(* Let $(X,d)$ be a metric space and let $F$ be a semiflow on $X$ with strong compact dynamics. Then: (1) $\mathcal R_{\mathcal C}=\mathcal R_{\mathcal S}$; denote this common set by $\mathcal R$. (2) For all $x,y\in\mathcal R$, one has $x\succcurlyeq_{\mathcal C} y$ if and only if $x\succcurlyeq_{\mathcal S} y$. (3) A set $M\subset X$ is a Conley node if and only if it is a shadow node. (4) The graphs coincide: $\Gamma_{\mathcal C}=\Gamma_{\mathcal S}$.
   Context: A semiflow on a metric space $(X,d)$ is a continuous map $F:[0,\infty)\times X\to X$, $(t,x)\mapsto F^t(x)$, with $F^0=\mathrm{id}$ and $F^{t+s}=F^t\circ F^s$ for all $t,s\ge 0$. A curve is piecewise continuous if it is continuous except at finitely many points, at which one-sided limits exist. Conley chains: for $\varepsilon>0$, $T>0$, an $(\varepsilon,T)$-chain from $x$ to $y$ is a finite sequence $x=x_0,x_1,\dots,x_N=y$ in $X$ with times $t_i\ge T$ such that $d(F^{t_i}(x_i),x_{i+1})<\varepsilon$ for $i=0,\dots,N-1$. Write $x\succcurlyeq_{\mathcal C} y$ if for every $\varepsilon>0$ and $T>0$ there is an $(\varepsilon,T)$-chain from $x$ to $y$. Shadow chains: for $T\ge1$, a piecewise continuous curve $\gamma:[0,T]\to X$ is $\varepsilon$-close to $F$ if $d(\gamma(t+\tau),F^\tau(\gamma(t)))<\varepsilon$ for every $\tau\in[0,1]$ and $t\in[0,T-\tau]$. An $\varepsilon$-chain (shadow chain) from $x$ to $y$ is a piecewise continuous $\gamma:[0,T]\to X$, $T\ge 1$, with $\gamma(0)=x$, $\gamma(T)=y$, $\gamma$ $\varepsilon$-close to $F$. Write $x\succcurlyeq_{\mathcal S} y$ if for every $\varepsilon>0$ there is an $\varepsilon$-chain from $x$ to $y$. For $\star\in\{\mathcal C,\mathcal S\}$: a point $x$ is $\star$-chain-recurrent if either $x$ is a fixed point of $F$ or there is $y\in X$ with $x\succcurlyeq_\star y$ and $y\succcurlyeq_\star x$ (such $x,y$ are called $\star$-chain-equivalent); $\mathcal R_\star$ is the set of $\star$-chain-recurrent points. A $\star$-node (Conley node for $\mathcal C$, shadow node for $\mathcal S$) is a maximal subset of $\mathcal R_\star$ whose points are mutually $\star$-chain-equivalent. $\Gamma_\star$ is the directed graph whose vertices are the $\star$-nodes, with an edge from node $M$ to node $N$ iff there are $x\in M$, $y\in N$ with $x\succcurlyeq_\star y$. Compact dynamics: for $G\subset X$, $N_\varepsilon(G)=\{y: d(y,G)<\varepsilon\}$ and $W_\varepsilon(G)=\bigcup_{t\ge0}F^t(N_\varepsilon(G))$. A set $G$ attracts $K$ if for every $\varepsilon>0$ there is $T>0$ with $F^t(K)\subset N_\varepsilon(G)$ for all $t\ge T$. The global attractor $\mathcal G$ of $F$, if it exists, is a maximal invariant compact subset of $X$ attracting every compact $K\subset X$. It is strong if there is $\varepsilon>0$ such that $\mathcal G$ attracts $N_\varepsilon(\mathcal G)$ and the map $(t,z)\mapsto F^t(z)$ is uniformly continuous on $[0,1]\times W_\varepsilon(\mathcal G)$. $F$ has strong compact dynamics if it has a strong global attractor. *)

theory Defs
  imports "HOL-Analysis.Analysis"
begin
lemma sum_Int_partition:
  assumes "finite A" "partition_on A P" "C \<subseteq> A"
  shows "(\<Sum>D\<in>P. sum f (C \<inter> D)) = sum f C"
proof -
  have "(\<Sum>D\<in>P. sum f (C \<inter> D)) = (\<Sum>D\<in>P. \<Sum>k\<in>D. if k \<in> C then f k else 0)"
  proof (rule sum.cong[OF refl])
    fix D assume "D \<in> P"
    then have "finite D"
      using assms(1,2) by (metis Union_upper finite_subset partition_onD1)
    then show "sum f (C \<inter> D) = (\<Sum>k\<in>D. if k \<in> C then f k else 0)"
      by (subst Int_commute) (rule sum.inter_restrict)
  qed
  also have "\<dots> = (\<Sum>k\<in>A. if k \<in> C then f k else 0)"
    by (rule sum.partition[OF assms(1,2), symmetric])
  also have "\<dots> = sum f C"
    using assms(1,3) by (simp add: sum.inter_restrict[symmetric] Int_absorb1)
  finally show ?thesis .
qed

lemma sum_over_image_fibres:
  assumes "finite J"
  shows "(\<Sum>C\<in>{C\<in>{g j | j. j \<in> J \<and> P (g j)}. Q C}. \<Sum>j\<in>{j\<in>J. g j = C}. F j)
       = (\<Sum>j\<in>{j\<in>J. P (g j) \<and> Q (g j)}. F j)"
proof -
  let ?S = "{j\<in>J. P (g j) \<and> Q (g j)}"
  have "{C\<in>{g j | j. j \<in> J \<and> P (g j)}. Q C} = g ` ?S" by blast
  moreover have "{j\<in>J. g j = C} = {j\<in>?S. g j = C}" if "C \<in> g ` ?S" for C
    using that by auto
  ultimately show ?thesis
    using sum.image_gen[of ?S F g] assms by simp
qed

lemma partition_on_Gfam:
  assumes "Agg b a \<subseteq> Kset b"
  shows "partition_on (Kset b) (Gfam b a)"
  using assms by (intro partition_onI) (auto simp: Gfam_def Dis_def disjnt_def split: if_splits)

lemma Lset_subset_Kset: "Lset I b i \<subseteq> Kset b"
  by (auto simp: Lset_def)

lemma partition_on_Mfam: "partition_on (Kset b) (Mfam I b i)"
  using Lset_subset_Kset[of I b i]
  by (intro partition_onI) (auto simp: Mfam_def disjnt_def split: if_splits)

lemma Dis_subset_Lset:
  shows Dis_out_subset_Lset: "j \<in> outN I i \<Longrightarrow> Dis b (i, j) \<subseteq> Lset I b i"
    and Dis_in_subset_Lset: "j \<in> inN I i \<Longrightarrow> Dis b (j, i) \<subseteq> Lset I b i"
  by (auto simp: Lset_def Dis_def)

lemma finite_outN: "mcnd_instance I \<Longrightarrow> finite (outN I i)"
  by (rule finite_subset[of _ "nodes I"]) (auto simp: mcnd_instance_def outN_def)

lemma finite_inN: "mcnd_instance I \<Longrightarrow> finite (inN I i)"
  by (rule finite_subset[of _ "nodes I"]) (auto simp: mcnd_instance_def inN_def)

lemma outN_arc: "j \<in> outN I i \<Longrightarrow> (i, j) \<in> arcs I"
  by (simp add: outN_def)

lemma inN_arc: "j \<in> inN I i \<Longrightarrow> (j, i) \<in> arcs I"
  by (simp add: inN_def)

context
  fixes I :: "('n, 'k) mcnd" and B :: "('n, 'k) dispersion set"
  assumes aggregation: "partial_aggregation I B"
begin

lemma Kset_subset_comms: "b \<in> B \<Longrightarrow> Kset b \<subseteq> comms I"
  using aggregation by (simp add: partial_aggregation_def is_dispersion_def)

━━━━━━━━

With the line that has "(Kset b) (Gfam" as the first and the line that has "using Lset_subset_Kset[of I b i]" as the last, repeat exactly that run of lines above and no more.

▶ ANSWER TO THE PROBLEM
  shows "partition_on (Kset b) (Gfam b a)"
  using assms by (intro partition_onI) (auto simp: Gfam_def Dis_def disjnt_def split: if_splits)

lemma Lset_subset_Kset: "Lset I b i \<subseteq> Kset b"
  by (auto simp: Lset_def)

lemma partition_on_Mfam: "partition_on (Kset b) (Mfam I b i)"
  using Lset_subset_Kset[of I b i]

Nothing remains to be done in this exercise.